はじめに
現在使われているWindows 11搭載PCの多くに、意外な「出自」があることをご存知でしょうか。実は、かなりの数のWindows 11 PCが、もともとはWindows 7や8だった古いマシンなのです。
この状況が、毎年のWindows Update時に起こる「謎の不具合」や「突然の故障」と深く関わっています。
Windows 11の強制アップグレードが生む「年次の関門」
Windows 11では、各バージョンのサポート期間が約2年に設定されています。例えば、Windows 11 23H2は2025年11月12日、24H2は2026年10月頃にサポート終了予定です1。
これは「延長」ではなく「乗り換え」の仕組みです。新しい機能更新プログラムを適用することで、そのバージョンの2年間のサポート期間に移行します。つまり、Windows 11といってもバージョンアップをしないままでは、セキュリティ更新も受けられなくなるのです。

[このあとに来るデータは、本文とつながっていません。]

lemma finite_cover_mass:
  assumes "\<And>i. open (V i)" "\<And>i. 0 < r i" "\<And>i. r i < sep 0"
    and "\<And>i. \<forall>x\<in>V i. \<forall>y\<in>V i. \<bar>x - y\<bar> < r i" and "f ` codes \<subseteq> (\<Union>i. V i)"
  shows "\<exists>D. finite D \<and> c0 \<le> (\<Sum>i\<in>D. (2 * r i) powr s)"
proof -
  obtain D where D: "finite D" "f ` codes \<subseteq> (\<Union>i\<in>D. V i)"
    using compactE_image[OF compact_image[folded codes_def], of UNIV V] assms(1,5) by auto
  have "\<forall>i. \<exists>K. \<forall>L\<ge>K.
      real (card (hit_words L (V i))) / real (card (words m L)) \<le> (2 * r i) powr s / c0"
    using hit_words_fraction[OF assms(4) assms(2) assms(3)] by blast
  from choice[OF this] obtain K where K: "\<forall>i. \<forall>L\<ge>K i.
      real (card (hit_words L (V i))) / real (card (words m L)) \<le> (2 * r i) powr s / c0"
    by blast
  define L where "L = Max (insert 0 (K ` D))"
  have KL: "K i \<le> L" if "i \<in> D" for i unfolding L_def using D(1) that by auto
  have "words m L \<subseteq> (\<Union>i\<in>D. hit_words L (V i))"
  proof
    fix w assume w: "w \<in> words m L"
    then obtain c where c: "\<forall>i. c i < m i" "initial_word L c = w"
      using words_extend letters_pos by blast
    then obtain i where "i \<in> D" "f c \<in> V i" using D(2) unfolding codes_def by blast
    moreover have "f c \<in> cylinder L w" unfolding cylinder_def codes_def using c by auto
    ultimately show "w \<in> (\<Union>i\<in>D. hit_words L (V i))" using w unfolding hit_words_def by blast
  qed
  then have "card (words m L) \<le> card (\<Union>i\<in>D. hit_words L (V i))"
    using D(1) finite_hit_words by (intro card_mono) auto
  also have "\<dots> \<le> (\<Sum>i\<in>D. card (hit_words L (V i)))" by (rule card_UN_le[OF D(1)])
  finally have "real (card (words m L)) \<le> (\<Sum>i\<in>D. real (card (hit_words L (V i))))"
    by (metis of_nat_le_iff of_nat_sum)
  moreover have "card (words m L) > 0" unfolding card_words using letters_pos by (simp add: Suc_le_eq)
  ultimately have "1 \<le> (\<Sum>i\<in>D. real (card (hit_words L (V i))) / real (card (words m L)))"
    by (simp add: sum_divide_distrib[symmetric])
  also have "\<dots> \<le> (\<Sum>i\<in>D. (2 * r i) powr s / c0)"
    using K KL by (intro sum_mono) auto
  finally have "c0 \<le> (\<Sum>i\<in>D. (2 * r i) powr s)"
    using c0_pos by (simp add: sum_divide_distrib[symmetric] field_simps)
  then show ?thesis using D(1) by blast
qed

Microsoftは、サポート終了が近づくと自動的に新しいバージョンへのアップグレードを開始します2。この仕組みにより、古いPCは年1回、必ず大型アップデートという「関門」を通過しなければなりません。拒否し続けることは技術的に困難で、最終的には強制的に実行されます。
古いハードウェアでの更新失敗パターン
処理が遅いパソコンで機能更新プログラムを適用しようとすると時に、以下のような問題が頻発します。
- まず、ダウンロード段階で異常に時間がかかります。
低速なストレージ(HDDはSSDに比べてデータの書き換えに時間がかかる)や古いネットワークアダプターが原因です。 - 次に、インストール段階で処理が停止したり、エラーが発生したりしがちです。
メモリ不足や古いCPUでの長時間処理による熱問題で、処理が止まりやすいのです。 - 機能更新プログラムでは、デバイスドライバーも更新されます。
しかし、古いハードウェア向けのドライバーは、新しいWindowsバージョンに対応していない場合があります。
アップデート後に画面表示がおかしくなったり、周辺機器が認識されなくなったりする原因の多くはここにあります。
また、ハードウェアの経年劣化も深刻な問題となります。
- 古いSSDやHDDは書き込み性能が低下し、大容量ファイルの処理に時間がかかります。
- 電源ユニットの劣化により、高負荷時に電力供給が不安定になることもあります。
- 冷却ファンの性能低下で、長時間の処理中にCPUが過熱し、処理が中断される場合もあります。
システムファイル破損のメカニズム
更新処理に失敗すると、さらに更新の復旧処理が引き起こされ、徐々にシステムファイルの整合性が破綻していきます。最悪の場合Windowsが起動しなくなります。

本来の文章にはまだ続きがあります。